By Chris Munro
Jan 29 - (The Insurer) - The three largest surplus lines stamping offices all once again registered record levels of premium volume in 2024 with California, Florida and Texas seeing double-digit growth.
Collectively, the three states’ surplus lines stamping offices booked $52.7bn of premium volume in 2024, growth of 13.1 percent from 2023.
While yet another example of double-digit growth, that 13.1 percent is actually a slow-down from the 17.1 percent increase from 2022 to 2023.
California again led the way as the largest state for surplus lines business in 2024, with Florida in second place and Texas taking up third spot.
CA growth slows
In 2024, California’s surplus lines market maintained its significant growth trajectory of recent years.
As data from the Surplus Lines Association of California (SLACA) shows, the state saw $19.1bn of premium flow through its surplus lines channel in 2024, up from $16.6bn in 2023.
The SLACA figures show that surplus lines premium volume increased in every month during 2024, bar March and August when it decreased by 13.4 percent and 0.3 percent respectively.
The growth in California’s surplus lines market last year can chiefly be attributed to admitted carriers’ pullback from the state due to concerns over wildfire exposure and an inability to secure regulatory approval for the rate rises they feel are warranted.
With few alternatives other than the highly restricted fire coverage offered by California’s insurer of last resort, the Fair Plan, buyers have found themselves seeking protection from the surplus lines market.
Even with various new initiatives recently implemented by California’s insurance commissioner Ricardo Lara to draw admitted carriers back into the state’s homeowners’ market, the recent devastating wildfire losses in and around Los Angeles will likely push even more business into the excess and surplus lines channel in 2025.
California significantly extended its surplus lines premium volume lead over Florida in 2024.
In 2022, California’s surplus lines premium volume of $16.2bn was almost $4.2bn higher than the $12.1bn that Florida generated that year. In 2023, that gap narrowed to just $1.3bn.
FL surplus lines premium volume grows 11%
Last year that gap widened to $2.0bn after the Sunshine State booked $17.1bn of surplus lines premium volume in 2024, figures from the Florida Surplus Lines Service Office (FSLSO) show.
That $17.1bn represented growth of 10.8 percent from 2023, the FSLSO data shows.

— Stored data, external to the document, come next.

text \<open>If the columns of a candidate core matrix were dependent on \<open>U\<close>, one column could be dropped
  while still spanning all predictive states, which contradicts the rank \<open>d_PSR\<close>.\<close>

lemma core_choices_lin_indep:
  fixes f :: "('ob::finite,'a::finite) model"
  assumes core: "is_core_test_set H f (U (Suc l)) (Suc l)"
    and hs: "hs \<in> core_choices H U f l"
    and dep: "\<forall>u\<in>U (Suc l). (\<Sum>j<length hs. c j * test_prob f (hs ! j) u) = 0"
  shows "\<forall>j<length hs. c j = 0"
proof (rule ccontr)
  assume "\<not> ?thesis"
  then obtain j0 where j0: "j0 < length hs" "c j0 \<noteq> 0" by auto
  let ?T = "tests_at H (Suc l) :: ('ob,'a) test set"
  let ?Ks = "{..<length hs} - {j0}"
  obtain gs where gs: "set gs \<subseteq> hists l" "length gs = d_PSR H f l" "lin_indep_hists f ?T gs"
    by (rule d_PSR_attained)
  define w where "w i = (\<lambda>t. if t \<in> ?T then test_prob f (gs ! i) t else 0)" for i
  define e where "e j = (\<lambda>t. if t \<in> ?T then test_prob f (hs ! j) t else 0)" for j
  have "length gs \<le> card ?Ks"
  proof (rule indep_in_span_length_le_card[where w = w and e = e])
    fix c' assume dep_gs: "\<And>x. (\<Sum>j<length gs. c' j * w j x) = 0"
    have "\<forall>t\<in>?T. (\<Sum>j<length gs. c' j * test_prob f (gs ! j) t) = 0"
    proof
      fix t assume "t \<in> ?T"
      then show "(\<Sum>j<length gs. c' j * test_prob f (gs ! j) t) = 0"
        using dep_gs[of t] by (simp add: w_def)
    qed
    then show "\<forall>j<length gs. c' j = 0" using gs(3) unfolding lin_indep_hists_def by blast
  next
    fix i assume "i < length gs"
    then have "gs ! i \<in> hists l" using gs(1) nth_mem by blast
    then obtain b where "\<forall>t\<in>?T. test_prob f (gs ! i) t = (\<Sum>j\<in>?Ks. b j * test_prob f (hs ! j) t)"
      using core_choices_span_without_dependent[OF core hs dep j0] by blast
    then have "w i = (\<lambda>t. \<Sum>j\<in>?Ks. b j * e j t)" by (auto simp: w_def e_def fun_eq_iff)
    then show "\<exists>b. w i = (\<lambda>x. \<Sum>k\<in>?Ks. b k * e k x)" by (intro exI[of _ b])
  qed simp
  moreover have "length hs = d_PSR H f l" using hs by (simp add: core_choices_def)
  ultimately show False using gs(2) j0(1) by simp
qed

section \<open>The observable operators\<close>

lemma M_app_diff:
  "M_app U m f l ob a (\<lambda>v. x v - y v) = (\<lambda>v. M_app U m f l ob a x v - M_app U m f l ob a y v)"
  by (auto simp: M_app_def inner_on_def algebra_simps sum_subtractf)

lemma M_app_add:
  "M_app U m f l ob a (\<lambda>v. x v + y v) = (\<lambda>v. M_app U m f l ob a x v + M_app U m f l ob a y v)"
  by (auto simp: M_app_def inner_on_def algebra_simps sum.distrib)
text \<open>Each pair of distinct vertices lies in exactly card V - 2 triples; pairs a = b do not
  contribute because f vanishes on the diagonal.\<close>
lemma sum_triples_pair_sums:
  fixes f :: "'a \<Rightarrow> 'a \<Rightarrow> real"
  assumes V: "finite V" and diag: "\<And>a. f a a = 0"
  shows "(\<Sum>S\<in>{S. S \<subseteq> V \<and> card S = 3}. \<Sum>a\<in>S. \<Sum>b\<in>S. f a b) =
    (real (card V) - 2) * (\<Sum>a\<in>V. \<Sum>b\<in>V. f a b)"
proof -
  let ?T = "{S. S \<subseteq> V \<and> card S = 3}"
  have fin: "finite ?T"
    using V by (auto intro: finite_subset[of _ "Pow V"])
  have "(\<Sum>S\<in>?T. \<Sum>a\<in>S. \<Sum>b\<in>S. f a b) =
      (\<Sum>S\<in>?T. \<Sum>a\<in>V. \<Sum>b\<in>V. if a \<in> S \<and> b \<in> S then f a b else 0)"
    by (rule sum.cong[OF refl], rule sum_restrict_square[OF V]) simp
  also have "\<dots> = (\<Sum>a\<in>V. \<Sum>b\<in>V. \<Sum>S\<in>?T. if a \<in> S \<and> b \<in> S then f a b else 0)"
    by (subst sum.swap) (rule sum.cong[OF refl], rule sum.swap)
  also have "\<dots> = (\<Sum>a\<in>V. \<Sum>b\<in>V. real (card {S \<in> ?T. a \<in> S \<and> b \<in> S}) * f a b)"
    by (simp add: sum.inter_filter[OF fin, symmetric])
  also have "\<dots> = (\<Sum>a\<in>V. \<Sum>b\<in>V. (real (card V) - 2) * f a b)"
  proof (intro sum.cong refl)
    fix a b assume ab: "a \<in> V" "b \<in> V"
    show "real (card {S \<in> ?T. a \<in> S \<and> b \<in> S}) * f a b = (real (card V) - 2) * f a b"
    proof (cases "a = b")
      case False
      then have "card {a, b} \<le> card V"
        using ab V by (intro card_mono) auto
      with False show ?thesis
        using card_triples_containing_pair[OF V ab False] by (simp add: of_nat_diff)
    qed (simp add: diag)
  qed
  finally show ?thesis
    by (simp add: sum_distrib_left)
qed

section \<open>Steiner distance of triples\<close>

lemma pair_sum_triple:
  assumes "u \<noteq> v" "v \<noteq> w" "u \<noteq> w"
  shows "(\<Sum>a\<in>{u, v, w}. \<Sum>b\<in>{u, v, w}. real (dist E a b)) =
    2 * real (dist E u v + dist E v w + dist E u w)"
  using assms graph_dist_commute[of E u v] graph_dist_commute[of E u w] graph_dist_commute[of E v w]
  by simp

locale connected_simple_graph =
  fixes V :: "'a set" and E :: "'a set set"
  assumes simple: "simple_graph V E" and connected: "connected_graph V E"
begin

lemma finite_vertices: "finite V"
  using simple unfolding simple_graph_def by blast

lemma edge_subset_vertices: "e \<in> E \<Longrightarrow> e \<subseteq> V"
  using simple unfolding simple_graph_def by blast

lemma finite_edges: "finite E"
  using finite_vertices edge_subset_vertices by (meson Pow_iff finite_Pow_iff finite_subset subsetI)

lemma walk_exists: "u \<in> V \<Longrightarrow> v \<in> V \<Longrightarrow> \<exists>p. walk E p u v"
  using connected unfolding connected_graph_def by blast
lemma funpow_shift_in_Sig: "x \<in> Sig q \<Longrightarrow> (shift ^^ i) x \<in> Sig q"
  by (induction i) (auto simp: Sig_def shift_def)

lemma continuous_on_prepend: "continuous_on S (prepend w)"
proof (rule continuous_on_coordinatewise_then_product)
  fix i
  show "continuous_on S (\<lambda>x. prepend w x i)"
  proof (cases "i < length w")
    case False
    then show ?thesis
      unfolding prepend_def
      by (simp add: continuous_on_subset[OF continuous_on_product_coordinates])
  qed (simp add: prepend_def)
qed

lemma shift_preimage_Sig:
  assumes "x \<in> Sig q"
  shows "{y \<in> Sig q. shift y = x} = (\<lambda>a. prepend [a] x) ` {1..q}"
proof (intro equalityI subsetI)
  fix y assume y: "y \<in> {y \<in> Sig q. shift y = x}"
  have "y = prepend [y 0] (shift y)"
  proof
    show "y i = prepend [y 0] (shift y) i" for i
      by (cases i) (simp_all add: shift_def prepend_def)
  qed
  with y have "y = prepend [y 0] x"
    by simp
  moreover have "y 0 \<in> {1..q}"
    using y by (simp add: Sig_def)
  ultimately show "y \<in> (\<lambda>a. prepend [a] x) ` {1..q}"
    by (rule image_eqI)
next
  fix y assume "y \<in> (\<lambda>a. prepend [a] x) ` {1..q}"
  then obtain a where "a \<in> {1..q}" and "y = prepend [a] x"
    by blast
  then show "y \<in> {y \<in> Sig q. shift y = x}"
    using assms prepend_in_Sig[of "[a]" q x] by simp
qed

lemma transfer_eq_sum:
  assumes "x \<in> Sig q"
  shows "transfer q psi phi x = (\<Sum>a\<in>{1..q}. exp (psi (prepend [a] x)) * phi (prepend [a] x))"
proof -
  have "inj_on (\<lambda>a. prepend [a] x) {1..q}"
  proof (rule inj_onI)
    fix a b assume "prepend [a] x = prepend [b] x"
    then have "prepend [a] x 0 = prepend [b] x 0"
      by simp
    then show "a = b"
      by (simp add: prepend_def)
  qed
  then show ?thesis
    unfolding transfer_def shift_preimage_Sig[OF assms] by (simp add: sum.reindex)
qed

lemma birk_Suc: "birk psi (Suc n) y = psi y + birk psi n (shift y)"
  unfolding birk_def sum.lessThan_Suc_shift by (simp add: funpow_Suc_right del: funpow.simps)

lemma transfer_iterate_eq_sum:
  assumes "x \<in> Sig q"
  shows "((transfer q psi) ^^ n) phi x =
    (\<Sum>w\<in>words q n. exp (birk psi n (prepend w x)) * phi (prepend w x))"
proof (induction n arbitrary: phi)
  case 0
  have "words q 0 = {[]}" by auto
  then show ?case by (simp add: birk_def)
next
  case (Suc n)
  let ?F = "\<lambda>v. exp (birk psi (Suc n) (prepend v x)) * phi (prepend v x)"
  have "((transfer q psi) ^^ Suc n) phi x = ((transfer q psi) ^^ n) (transfer q psi phi) x"
    by (simp add: funpow_Suc_right del: funpow.simps)
  also have "\<dots> = (\<Sum>w\<in>words q n. exp (birk psi n (prepend w x)) * transfer q psi phi (prepend w x))"
    by (rule Suc)
  also have "\<dots> = (\<Sum>w\<in>words q n. \<Sum>a\<in>{1..q}. ?F (a # w))"
  proof (rule sum.cong[OF refl])
    fix w assume "w \<in> words q n"
    then have "prepend w x \<in> Sig q"
      using assms prepend_in_Sig by blast
    then show "exp (birk psi n (prepend w x)) * transfer q psi phi (prepend w x) =
        (\<Sum>a\<in>{1..q}. ?F (a # w))"
      by (simp add: transfer_eq_sum sum_distrib_left birk_Suc exp_add algebra_simps)
  qed
  also have "\<dots> = (\<Sum>(w, a)\<in>words q n \<times> {1..q}. ?F (a # w))"
    by (simp add: sum.cartesian_product)
  also have "\<dots> = sum ?F ((\<lambda>(w, a). a # w) ` (words q n \<times> {1..q}))"
    by (subst sum.reindex) (auto simp: inj_on_def case_prod_beta)
  also have "\<dots> = sum ?F (words q (Suc n))"
    by (simp only: lists_length_Suc_eq)
  finally show ?case .
qed

lemma continuous_on_transfer:
  assumes "continuous_on (Sig q) psi" and "continuous_on (Sig q) phi"
  shows "continuous_on (Sig q) (transfer q psi phi)"
proof -
  have prepend_comp: "continuous_on (Sig q) (\<lambda>x. f (prepend [a] x))"
    if "a \<in> {1..q}" and "continuous_on (Sig q) f" for f a
    using that prepend_in_Sig[of "[a]"]
    by (intro continuous_on_compose2[OF that(2) continuous_on_prepend]) auto
  have "continuous_on (Sig q) (\<lambda>x. \<Sum>a\<in>{1..q}. exp (psi (prepend [a] x)) * phi (prepend [a] x))"
    by (intro continuous_on_sum continuous_on_mult continuous_on_exp prepend_comp assms) auto
  then show ?thesis
    by (rule continuous_on_cong[THEN iffD1, rotated 2]) (auto simp: transfer_eq_sum)
qed

lemma continuous_on_transfer_iterate:
  assumes "continuous_on (Sig q) psi" and "continuous_on (Sig q) phi"
  shows "continuous_on (Sig q) (((transfer q psi) ^^ n) phi)"
  using assms(2) by (induction n) (auto simp: continuous_on_transfer[OF assms(1)])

Similarly to California, just two months saw surplus lines premium volume tracked by the FSLSO contract.
As in the Golden State, it was in March and August when the FSLSO saw year-on-year monthly declines in surplus lines premium volume, with reductions of 10.5 percent and 3.8 percent respectively.
The business line that made the biggest contribution to Florida’s surplus lines premium volume in 2024 was commercial property at $6.5bn.
According to the FSLSO, that $6.5bn of commercial property surplus lines premium was an increase of 6 percent from 2023.
Commercial general liability was the second-greatest contributor, with the $2.5bn booked in 2024 an increase of 18 percent from the prior year. In third place was excess commercial general liability with $1.3bn of surplus lines premium in 2024, up 38 percent year on year.
Fourth spot went to commercial package business with premium volume of $840mn, a reduction of 1 percent from 2023.
And in fifth was homeowners HO3 business, which generated $657mn of surplus lines premium volume in 2024, up 14 percent from the prior year.
TX surplus lines premium volume up 14%
The Surplus Lines Stamping Office of Texas tracked $16.6bn of premium volume in 2024, growth of 13.8 percent from the prior year.
That growth was a slowdown compared with the 26 percent expansion that the SLTX recorded between 2023 and 2022.
In Texas, September saw the biggest increase in premium volume, with a 35.7 percent from the prior year to $1.43bn.
Only one month saw a year-on-year monthly decrease – surplus lines premium volume fell by 3.5 percent from the prior year period to $1.13bn in March.
As the SLTX noted, “Texas surplus lines premiums continue to trend with existing hard-market conditions, including results of changes to diligent effort requirements”.